We will look at the variables "employment" and "years in employment", both declared by the borrowers at the time of applying for a loan. 

In this example, data missing in employment are associated with data missing in time in employment.

In [15]:
data = pd.read_csv('../datasets/Loan/loan.csv', usecols=['employment', 'time_employed'])
data.head()

Unnamed: 0,employment,time_employed
0,Teacher,<=5 years
1,Accountant,<=5 years
2,Statistician,<=5 years
3,Other,<=5 years
4,Bus driver,>5 years


In [16]:
data.isnull().mean()

employment       0.0611
time_employed    0.0529
dtype: float64

In [17]:
# number of different employments.
print(f'Number of employments: {len(data["employment"].unique())}')

# examples of employments.
data['employment'].unique()

Number of employments: 12


array(['Teacher', 'Accountant', 'Statistician', 'Other', 'Bus driver',
       'Secretary', 'Software developer', 'Nurse', 'Taxi driver', nan,
       'Civil Servant', 'Dentist'], dtype=object)

In [18]:
data['time_employed'].unique()

array(['<=5 years', '>5 years', nan], dtype=object)

In [19]:
# employment not null but time_employed is null

# customers who declared employment
t = data[~data['employment'].isnull()]

# Percentage of missing data in time employed
t['time_employed'].isnull().mean()

0.0005325380764724678

In [22]:
# data['employment_not_null'] = np.where(data['employment'].isnull(), 0, 1)
# data['time_employed_null'] = np.where(data['time_employed'].isnull(), 1, 0)

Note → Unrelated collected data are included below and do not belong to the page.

lemma integral_GL_inner_self_translate:
  "(\<integral>R. GL_inner \<mu> (R *v y) (R *v y) \<partial>\<mu>) = GL_inner \<mu> y y"
proof -
  define G where "G R T = ((T ** R) *v y) \<bullet> ((T ** R) *v y)" for R T :: "real^'n^'n"
  have cont: "continuous_on UNIV (\<lambda>(R, T). G R T)" "continuous_on UNIV (\<lambda>(T, R). G R T)"
    unfolding G_def case_prod_beta by (intro continuous_intros)+
  note G_integrable = integrable_pair_continuous[OF cont(1)]
  note G_swap_measurable = borel_measurable_pair_continuous[OF cont(2)]
  have "(\<integral>T. \<integral>R. G R T \<partial>\<mu> \<partial>\<mu>) = (\<integral>R. \<integral>T. G R T \<partial>\<mu> \<partial>\<mu>)"
    by (rule pair_sigma_finite.Fubini_integral[OF _ G_integrable]) unfold_locales
  moreover have "(\<integral>T. G R T \<partial>\<mu>) = GL_inner \<mu> (R *v y) (R *v y)" for R
    unfolding G_def GL_inner_def by (simp add: matrix_vector_mul_assoc)
  moreover have "AE T in \<mu>. (\<integral>R. G R T \<partial>\<mu>) = GL_inner \<mu> y y"
    using AE_in_GL
  proof eventually_elim
    case (elim T)
    show ?case
      using integral_left_translate[OF elim, of "\<lambda>S. (S *v y) \<bullet> (S *v y)"]
      unfolding G_def GL_inner_def by (simp add: continuous_intros)
  qed
  then have "(\<integral>T. \<integral>R. G R T \<partial>\<mu> \<partial>\<mu>) = (\<integral>T. GL_inner \<mu> y y \<partial>\<mu>)"
    using borel_measurable_lebesgue_integral[OF G_swap_measurable] by (intro integral_cong_AE) auto
  ultimately show ?thesis by (simp add: prob_space)
qed

text \<open>Left invariance of \<open>\<mu>\<close> only says that \<open>R \<mapsto> Q (R y)\<close>, with \<open>Q z = GL_inner \<mu> z z\<close>,
  has average \<open>Q y\<close>.  Applied at a point \<open>R0 y\<close> where this continuous function is maximal
  on the compact group, the average forces it to be constant on the support of \<open>\<mu>\<close>, which is
  all of \<open>GL(\<Omega>)\<close>.\<close>

lemma GL_inner_self_invariant:
  assumes "S \<in> GL"
  shows "GL_inner \<mu> (S *v y) (S *v y) = GL_inner \<mu> y y"
proof -
  let ?Q = "\<lambda>z. GL_inner \<mu> z z"
  obtain R0 where "R0 \<in> GL" and max: "\<And>R. R \<in> GL \<Longrightarrow> ?Q (R *v y) \<le> ?Q (R0 *v y)"
    using continuous_attains_sup[OF compact_GL_state[OF state_space] _
        continuous_on_subset[OF continuous_on_GL_inner_self]]
    mat_1_GL_state by blast
  define m where "m = ?Q (R0 *v y)"
  define g where "g R = m - ?Q (R *v (R0 *v y))" for R
  have "continuous_on UNIV g"
    unfolding g_def by (intro continuous_intros continuous_on_GL_inner_self)
  moreover have "\<forall>R\<in>GL. 0 \<le> g R"
    using max[OF GL_state_mult[OF _ \<open>R0 \<in> GL\<close>]] by (simp add: g_def m_def matrix_vector_mul_assoc)
  moreover have "(\<integral>R. g R \<partial>\<mu>) = 0"
    using integrable_continuous[OF continuous_on_GL_inner_self]
    by (simp add: g_def m_def prob_space integral_GL_inner_self_translate)
  ultimately have g_zero: "g R = 0" if "R \<in> GL" for R
    using continuous_integral_eq_0_imp_zero_on_GL that by blast
  obtain R0' where "R0' \<in> GL" "R0' ** R0 = mat 1"
    using \<open>R0 \<in> GL\<close> by (rule GL_state_inverse)
  have "?Q (R *v y) = m" if "R \<in> GL" for R
  proof -
    have "(R ** R0') *v (R0 *v y) = R *v y"
      using \<open>R0' ** R0 = mat 1\<close> by (simp add: matrix_vector_mul_assoc matrix_mul_assoc[symmetric])
    then show ?thesis using g_zero[OF GL_state_mult[OF that \<open>R0' \<in> GL\<close>]] by (simp add: g_def)
  qed
  from this[OF assms] this[OF mat_1_GL_state] show ?thesis by simp
qed
(* Let $\mathbf{X}\in\mathbb{R}^{d\times n}$, $\mathbf{W}^\star\in\mathbb{R}^{m\times d}$ and $\mathbf{Y}=\mathbf{W}^\star\mathbf{X}\in\mathbb{R}^{m\times n}$. Let $p=\operatorname{rank}(\mathbf{Y})$ and let $\sigma_1^\star\ge\sigma_2^\star\ge\dots\ge\sigma_p^\star>0$ be the nonzero singular values of $\mathbf{Y}$, with $\sigma_k^\star:=0$ for $k>p$. Let $1\le r\le p$ and let $\{(\mathbf{a}_k,\mathbf{b}_k)\}_{k=1}^r$ be the output of the Inexact Sequential Low-Rank procedure (described in the context) applied to $(\mathbf{X},\mathbf{Y})$ with target rank $r$, and let $\bm{\delta}_k$ be the corresponding numerical errors, with $\|\bm{\delta}_k\|_F>0$ for $k=1,\dots,r$ and the convention $\|\bm{\delta}_0\|_F:=0$. For $1\le k\le r$ define $$\mathcal{T}_k^\star:=\min\Big\{\min_{k<j\le p}|\sigma_k^\star-\sigma_j^\star|,\ \sigma_k^\star\Big\},\qquad E(k):=\sigma_{\max}(\mathbf{X})\sum_{k'=0}^{k-1}\|\bm{\delta}_{k'}\|_F\prod_{j=k'+1}^{k-1}\Big(2+\frac{6\sigma_j^\star}{\mathcal{T}_k^\star}\Big).$$ If $E(k)<\tfrac12\min_{k<j\le p}|\sigma_k^\star-\sigma_j^\star|$ for every $k\in\{1,\dots,r\}$, then $$\Big\|\mathbf{Y}-\sum_{k=1}^r\mathbf{b}_k\mathbf{a}_k^\top\mathbf{X}\Big\|_F\le\sum_{k=r+1}^{p}\sigma_k^\star+\sigma_{\max}(\mathbf{X})\sum_{k=1}^{r}\sum_{k'=0}^{k}\|\bm{\delta}_{k'}\|_F\prod_{j=k'+1}^{k}\Big(2+\frac{6\sigma_j^\star}{\mathcal{T}_k^\star}\Big).$$
   Context: $\sigma_{\max}(\mathbf{X})$ is the largest singular value of $\mathbf{X}$; $\|\cdot\|_F$ is the Frobenius norm. Inexact Sequential Low-Rank procedure: set $\mathbf{Y}_1:=\mathbf{Y}$; for $k=1,\dots,r$, obtain vectors $\mathbf{a}_k\in\mathbb{R}^d,\mathbf{b}_k\in\mathbb{R}^m$ from an arbitrary (approximate) rank-1 solver applied to $(\mathbf{Y}_k,\mathbf{X})$, and set $\mathbf{Y}_{k+1}:=\mathbf{Y}_k-\mathbf{b}_k\mathbf{a}_k^\top\mathbf{X}$. Numerical error: for each $k$, let $(\overline{\mathbf{a}}_k,\overline{\mathbf{b}}_k)\in\arg\min_{\mathbf{a}\in\mathbb{R}^d,\mathbf{b}\in\mathbb{R}^m}\tfrac12\|\mathbf{Y}_k-\mathbf{b}\mathbf{a}^\top\mathbf{X}\|_F^2$ be an exact minimizer, and $\bm{\delta}_k:=\mathbf{b}_k\mathbf{a}_k^\top-\overline{\mathbf{b}}_k\overline{\mathbf{a}}_k^\top\in\mathbb{R}^{m\times d}$. *)

theory Defs
  imports "HOL-Analysis.Analysis"
begin

text \<open>Matrices are HOL-Analysis matrices: R^{m x n} is real^'n^'m.
  The norm on real^'n^'m is the Frobenius norm.\<close>

definition outer :: "real^'m \<Rightarrow> real^'d \<Rightarrow> real^'d^'m" where
  "outer b a = (\<chi> i j. b $ i * a $ j)"

text \<open>sigma (indexed from 1) is the sequence of singular values of Y:
  sigma_1 >= ... >= sigma_p > 0 with p = rank Y, sigma_k = 0 for k > p, and
  Y = sum_{k=1}^p sigma_k u_k v_k^T for orthonormal families (u_k), (v_k) (an SVD).\<close>
definition singular_values :: "real^'n^'m \<Rightarrow> (nat \<Rightarrow> real) \<Rightarrow> bool" where
  "singular_values Y \<sigma> \<longleftrightarrow>
     (\<forall>k. k > rank Y \<longrightarrow> \<sigma> k = 0) \<and>
     (\<forall>k\<in>{1..rank Y}. \<sigma> k > 0) \<and>
     (\<forall>j\<in>{1..rank Y}. \<forall>k\<in>{1..rank Y}. j \<le> k \<longrightarrow> \<sigma> k \<le> \<sigma> j) \<and>
     (\<exists>(u :: nat \<Rightarrow> real^'m) (v :: nat \<Rightarrow> real^'n).
        (\<forall>j\<in>{1..rank Y}. \<forall>k\<in>{1..rank Y}. u j \<bullet> u k = (if j = k then 1 else 0)) \<and>
        (\<forall>j\<in>{1..rank Y}. \<forall>k\<in>{1..rank Y}. v j \<bullet> v k = (if j = k then 1 else 0)) \<and>
        Y = (\<Sum>k\<in>{1..rank Y}. \<sigma> k *\<^sub>R outer (u k) (v k)))"
(* Let $K$ be a field, $X$ a finite connected poset, $\varphi$ an elementary Lie automorphism of $I(X,K)$, $\theta=\theta_\varphi$, $\sigma=\sigma_\varphi$, and $x<y<z$ in $X$. Then either $\theta(e_{xz})=\theta(e_{xy})\theta(e_{yz})$, in which case $\sigma(x,z)=\sigma(x,y)\sigma(y,z)$, or $\theta(e_{xz})=\theta(e_{yz})\theta(e_{xy})$, in which case $\sigma(x,z)=-\sigma(x,y)\sigma(y,z)$.
   Context: $I(X,K)$ is the incidence algebra: functions $f:X\times X\to K$ with $f(x,y)=0$ unless $x\le y$, product $(fg)(x,y)=\sum_{x\le t\le y}f(x,t)g(t,y)$; $e_{xy}$ ($x\le y$) is the basis element equal to $1$ at $(x,y)$ and $0$ elsewhere. $B=\{e_{xy}:x<y\}$, $X^2_<=\{(x,y):x<y\}$. A Lie automorphism is a bijective linear map preserving $[f,g]=fg-gf$. With $l(\lfloor x,y\rfloor)$ the maximal length of a chain in $\{z:x\le z\le y\}$ and $L_i=\mathrm{span}_K\{e_{xy}:l(\lfloor x,y\rfloor)=i\}$, for a Lie automorphism $\psi$ let $\widetilde\psi$ send $e_{xy}\in L_i$ to the $L_i$-component of $\psi(e_{xy})$. A Lie automorphism $\varphi$ is elementary if $\varphi=\widetilde\psi$ for some Lie automorphism $\psi$ (equivalently $\varphi(L_i)\subseteq L_i$ for all $i$). For elementary $\varphi$, for each $x<y$ there are a unique $e_{uv}\in B$ and a unique $k\in K^*$ with $\varphi(e_{xy})=k e_{uv}$; set $\theta_\varphi(e_{xy})=e_{uv}$ and $\sigma_\varphi(x,y)=k$ (then $\theta_\varphi:B\to B$ is a bijection). Connected means any two elements are joined by a sequence in which consecutive elements are in a covering relation. *)

theory Defs
  imports Main
begin

text \<open>Finite poset X is modelled as a type of class finite and order.
  Elements of the incidence algebra I(X,K) are functions 'a => 'a => 'k vanishing
  off the order relation.\<close>

definition incidence :: "('a::{finite,order} \<Rightarrow> 'a \<Rightarrow> 'k::field) set" where
  "incidence = {f. \<forall>x y. \<not> x \<le> y \<longrightarrow> f x y = 0}"

definition inc_mult :: "('a::{finite,order} \<Rightarrow> 'a \<Rightarrow> 'k::field) \<Rightarrow> ('a \<Rightarrow> 'a \<Rightarrow> 'k) \<Rightarrow> 'a \<Rightarrow> 'a \<Rightarrow> 'k" where
  "inc_mult f g = (\<lambda>x y. \<Sum>t\<in>{t. x \<le> t \<and> t \<le> y}. f x t * g t y)"

definition inc_add :: "('a \<Rightarrow> 'a \<Rightarrow> 'k::field) \<Rightarrow> ('a \<Rightarrow> 'a \<Rightarrow> 'k) \<Rightarrow> 'a \<Rightarrow> 'a \<Rightarrow> 'k" where
  "inc_add f g = (\<lambda>x y. f x y + g x y)"

definition inc_smult :: "'k::field \<Rightarrow> ('a \<Rightarrow> 'a \<Rightarrow> 'k) \<Rightarrow> 'a \<Rightarrow> 'a \<Rightarrow> 'k" where
  "inc_smult k f = (\<lambda>x y. k * f x y)"

definition inc_bracket :: "('a::{finite,order} \<Rightarrow> 'a \<Rightarrow> 'k::field) \<Rightarrow> ('a \<Rightarrow> 'a \<Rightarrow> 'k) \<Rightarrow> 'a \<Rightarrow> 'a \<Rightarrow> 'k" where
  "inc_bracket f g = (\<lambda>x y. inc_mult f g x y - inc_mult g f x y)"

definition ebas :: "'a \<Rightarrow> 'a \<Rightarrow> 'a \<Rightarrow> 'a \<Rightarrow> 'k::field" where
  "ebas x y = (\<lambda>u v. if u = x \<and> v = y then 1 else 0)"

definition Bset :: "('a::{finite,order} \<Rightarrow> 'a \<Rightarrow> 'k::field) set" where
  "Bset = {ebas x y | x y. x < y}"

definition lie_automorphism :: "(('a::{finite,order} \<Rightarrow> 'a \<Rightarrow> 'k::field) \<Rightarrow> ('a \<Rightarrow> 'a \<Rightarrow> 'k)) \<Rightarrow> bool" where
  "lie_automorphism \<psi> \<longleftrightarrow>
     bij_betw \<psi> incidence incidence \<and>
     (\<forall>f\<in>incidence. \<forall>g\<in>incidence. \<forall>a b.
        \<psi> (inc_add (inc_smult a f) (inc_smult b g)) = inc_add (inc_smult a (\<psi> f)) (inc_smult b (\<psi> g))) \<and>
     (\<forall>f\<in>incidence. \<forall>g\<in>incidence. \<psi> (inc_bracket f g) = inc_bracket (\<psi> f) (\<psi> g))"

definition interval_length :: "'a::{finite,order} \<Rightarrow> 'a \<Rightarrow> nat" where
  "interval_length x y = Max {card C - 1 | C. C \<noteq> {} \<and> C \<subseteq> {z. x \<le> z \<and> z \<le> y} \<and>
                                   (\<forall>a\<in>C. \<forall>b\<in>C. a \<le> b \<or> b \<le> a)}"

definition L_comp :: "nat \<Rightarrow> ('a::{finite,order} \<Rightarrow> 'a \<Rightarrow> 'k::field) \<Rightarrow> 'a \<Rightarrow> 'a \<Rightarrow> 'k" where
  "L_comp i g = (\<lambda>u v. if u \<le> v \<and> interval_length u v = i then g u v else 0)"

definition tilde :: "(('a::{finite,order} \<Rightarrow> 'a \<Rightarrow> 'k::field) \<Rightarrow> ('a \<Rightarrow> 'a \<Rightarrow> 'k)) \<Rightarrow> ('a \<Rightarrow> 'a \<Rightarrow> 'k) \<Rightarrow> 'a \<Rightarrow> 'a \<Rightarrow> 'k" where
  "tilde \<psi> f = (\<lambda>u v. \<Sum>p\<in>{(x,y). x \<le> y}.
                   f (fst p) (snd p) * L_comp (interval_length (fst p) (snd p)) (\<psi> (ebas (fst p) (snd p))) u v)"

definition elementary :: "(('a::{finite,order} \<Rightarrow> 'a \<Rightarrow> 'k::field) \<Rightarrow> ('a \<Rightarrow> 'a \<Rightarrow> 'k)) \<Rightarrow> bool" where
  "elementary \<phi> \<longleftrightarrow> lie_automorphism \<phi> \<and>
     (\<exists>\<psi>. lie_automorphism \<psi> \<and> (\<forall>f\<in>incidence. \<phi> f = tilde \<psi> f))"

definition theta :: "(('a::{finite,order} \<Rightarrow> 'a \<Rightarrow> 'k::field) \<Rightarrow> ('a \<Rightarrow> 'a \<Rightarrow> 'k)) \<Rightarrow> ('a \<Rightarrow> 'a \<Rightarrow> 'k) \<Rightarrow> ('a \<Rightarrow> 'a \<Rightarrow> 'k)" where
  "theta \<phi> b = (THE c. c \<in> Bset \<and> (\<exists>k. k \<noteq> 0 \<and> \<phi> b = inc_smult k c))"

definition sigma :: "(('a::{finite,order} \<Rightarrow> 'a \<Rightarrow> 'k::field) \<Rightarrow> ('a \<Rightarrow> 'a \<Rightarrow> 'k)) \<Rightarrow> 'a \<Rightarrow> 'a \<Rightarrow> 'k" where
  "sigma \<phi> x y = (THE k. k \<noteq> 0 \<and> \<phi> (ebas x y) = inc_smult k (theta \<phi> (ebas x y)))"

definition covers :: "'a::order \<Rightarrow> 'a \<Rightarrow> bool" where
  "covers a b \<longleftrightarrow> a < b \<and> \<not> (\<exists>c. a < c \<and> c < b)"

definition poset_connected :: "'a::order itself \<Rightarrow> bool" where
  "poset_connected _ \<longleftrightarrow> (\<forall>a b::'a. (\<lambda>u v. covers u v \<or> covers v u)\<^sup>*\<^sup>* a b)"

end

(*
  An elementary Lie automorphism \<phi> commutes with taking the diagonal part, so it maps
  diagonal elements to diagonal elements and each e_xy (x < y) to an element w with zero
  diagonal. Choosing diagonal d with \<phi>(d) = e_aa and applying \<phi> to
  [d, e_xy] = (d_xx - d_yy) e_xy shows that w is an eigenvector of every ad e_aa; as
  [e_aa, w](u,v) = (\<delta>_au - \<delta>_av) w(u,v), the support of w is a single pair,
  i.e. \<phi>(e_xy) = c e_pq with p < q. Applying \<phi> to e_xz = [e_xy, e_yz] then leaves only
  the two possibilities of the theorem, with the sign of the commutator.
*)

theory Submission
  imports Defs
begin

lemma ebas_same [simp]: "ebas p q p q = 1"
  by (simp add: ebas_def)

lemma ebas_neq_zero [simp]: "(ebas u v :: 'a \<Rightarrow> 'a \<Rightarrow> 'k::field) \<noteq> (\<lambda>_ _. 0)"
  by (auto simp: ebas_def fun_eq_iff)

lemma ebas_in_incidence:
  "(x::'a::{finite,order}) \<le> y \<Longrightarrow> (ebas x y :: 'a \<Rightarrow> 'a \<Rightarrow> 'k::field) \<in> incidence"
  by (auto simp: incidence_def ebas_def)

lemma inc_mult_ebas:
  "inc_mult (ebas u v) (ebas u' v') =
     (if v = u' \<and> (u::'a::{finite,order}) \<le> v \<and> v \<le> v' then ebas u v' else (\<lambda>_ _. 0 :: 'k::field))"
proof (intro ext)
  fix a b
  have "inc_mult (ebas u v) (ebas u' v') a b =
      (\<Sum>t\<in>{t. a \<le> t \<and> t \<le> b}.
         if t = v then (if a = u \<and> v = u' \<and> b = v' then 1 else (0::'k)) else 0)"
    unfolding inc_mult_def ebas_def by (intro sum.cong) auto
  also have "\<dots> = (if a \<le> v \<and> v \<le> b \<and> a = u \<and> v = u' \<and> b = v' then 1 else 0)"
    by (auto simp: sum.delta)
  also have "\<dots> = (if v = u' \<and> u \<le> v \<and> v \<le> v' then ebas u v' else (\<lambda>_ _. 0)) a b"
    by (auto simp: ebas_def)
  finally show "inc_mult (ebas u v) (ebas u' v') a b = \<dots>" .
qed

lemma inc_bracket_smult:
  "inc_bracket (inc_smult a f) (inc_smult b g) =
     inc_smult (a * b) (inc_bracket (f::'a::{finite,order} \<Rightarrow> 'a \<Rightarrow> 'k::field) g)"
  by (simp add: fun_eq_iff inc_bracket_def inc_mult_def inc_smult_def sum_distrib_left
      right_diff_distrib mult_ac)

definition diag_part :: "('a \<Rightarrow> 'a \<Rightarrow> 'k::field) \<Rightarrow> 'a \<Rightarrow> 'a \<Rightarrow> 'k" where
  "diag_part f = (\<lambda>a b. if a = b then f a b else 0)"

lemma diag_part_in_incidence:
  "diag_part f \<in> (incidence :: ('a::{finite,order} \<Rightarrow> 'a \<Rightarrow> 'k::field) set)"
  by (simp add: diag_part_def incidence_def)

lemma diag_part_ebas: "diag_part (ebas a b) = (if a = b then ebas a b else (\<lambda>_ _. 0))"
  by (auto simp: diag_part_def ebas_def fun_eq_iff)

lemma inc_bracket_diag_part:
  assumes "h \<in> incidence"
  shows "inc_bracket (diag_part d) h a b = (d a a - d b b) * (h a b :: 'k::field)"
proof (cases "(a::'a::{finite,order}) \<le> b")
  case True
  have "inc_mult (diag_part d) h a b =
      (\<Sum>t\<in>{t. a \<le> t \<and> t \<le> b}. if t = a then d a a * h a b else 0)"
    unfolding inc_mult_def diag_part_def by (intro sum.cong) auto
  moreover have "inc_mult h (diag_part d) a b =
      (\<Sum>t\<in>{t. a \<le> t \<and> t \<le> b}. if t = b then h a b * d b b else 0)"
    unfolding inc_mult_def diag_part_def by (intro sum.cong) auto
  ultimately show ?thesis using True by (simp add: inc_bracket_def algebra_simps sum.delta)
next
  case False
  then have no_between: "{t. a \<le> t \<and> t \<le> b} = {}" by (auto dest: order_trans)
  have "inc_bracket (diag_part d) h a b = 0"
    unfolding inc_bracket_def inc_mult_def no_between by simp
  then show ?thesis using assms False by (simp add: incidence_def)
qed

lemma zero_in_incidence:
  "(\<lambda>_ _. 0) \<in> (incidence :: ('a::{finite,order} \<Rightarrow> 'a \<Rightarrow> 'k::field) set)"
  by (simp add: incidence_def)

lemma interval_length_eq_0_iff:
  assumes "(x::'a::{finite,order}) \<le> y"
  shows "interval_length x y = 0 \<longleftrightarrow> x = y"
proof -
  define S where "S = {card C - 1 | C. C \<noteq> {} \<and> C \<subseteq> {z. x \<le> z \<and> z \<le> y} \<and>
                          (\<forall>a\<in>C. \<forall>b\<in>C. a \<le> b \<or> b \<le> a)}"
  have "finite S" unfolding S_def by simp
  have "interval_length x y = Max S" unfolding S_def interval_length_def ..
  show ?thesis
  proof
    assume "interval_length x y = 0"
    moreover have "x \<noteq> y \<Longrightarrow> 1 \<in> S"
      using assms unfolding S_def by (intro CollectI exI[of _ "{x, y}"]) auto
    ultimately show "x = y"
      using Max_ge[OF \<open>finite S\<close>] \<open>interval_length x y = Max S\<close> by fastforce
  next
    assume "x = y"
    then have "{z. x \<le> z \<and> z \<le> y} = {y}" by (auto intro: order.antisym)
    then have "S = {0}" unfolding S_def by (auto dest!: subset_singletonD intro!: exI[of _ "{y}"])
    then show "interval_length x y = 0" using \<open>interval_length x y = Max S\<close> by simp
  qed
qed

lemma interval_length_refl [simp]: "interval_length (u::'a::{finite,order}) u = 0"
  by (simp add: interval_length_eq_0_iff)

lemma L_comp_0: "L_comp 0 g u v = (if (u::'a::{finite,order}) = v then g u v else 0)"
  by (auto simp: L_comp_def interval_length_eq_0_iff)

lemma L_comp_diag: "L_comp i g u u = (if i = 0 then g (u::'a::{finite,order}) u else 0)"
  by (auto simp: L_comp_def interval_length_eq_0_iff)

lemma tilde_zero: "tilde \<psi> (\<lambda>_ _. 0) = (\<lambda>_ _. 0)"
  by (simp add: tilde_def)

lemma tilde_diag_part: "tilde \<psi> (diag_part f) = diag_part (tilde \<psi> f)"
proof (intro ext)
  fix u v :: 'a
  let ?L = "\<lambda>a b w. L_comp (interval_length a b) (\<psi> (ebas a b)) w"
  have summand: "diag_part f (fst p) (snd p) * ?L (fst p) (snd p) u v =
      (if u = v then f (fst p) (snd p) * ?L (fst p) (snd p) u u else 0)"
    if "p \<in> {(a, b). a \<le> b}" for p
    using that by (auto simp: diag_part_def L_comp_0 L_comp_diag interval_length_eq_0_iff)
  have "tilde \<psi> (diag_part f) u v =
      (\<Sum>p\<in>{(a, b). a \<le> b}. if u = v then f (fst p) (snd p) * ?L (fst p) (snd p) u u else 0)"
    unfolding tilde_def by (rule sum.cong[OF refl summand])
  also have "\<dots> = diag_part (tilde \<psi> f) u v"
    by (simp add: tilde_def diag_part_def)
  finally show "tilde \<psi> (diag_part f) u v = diag_part (tilde \<psi> f) u v" .
qed

lemma lie_automorphism_in_incidence:
  "lie_automorphism \<phi> \<Longrightarrow> f \<in> incidence \<Longrightarrow> \<phi> f \<in> incidence"
  unfolding lie_automorphism_def bij_betw_def by blast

# data['enn_ten'] = data['employment_not_null'] * data['time_employed_null']
# data['enn_ten'].mean()

0.0005

In [23]:
t = data[data['employment'].isnull()]
t['time_employed'].isnull().mean()

0.8576104746317512

This further supports the hypothesis that the missing values in employment are related to the missing values in time_employed.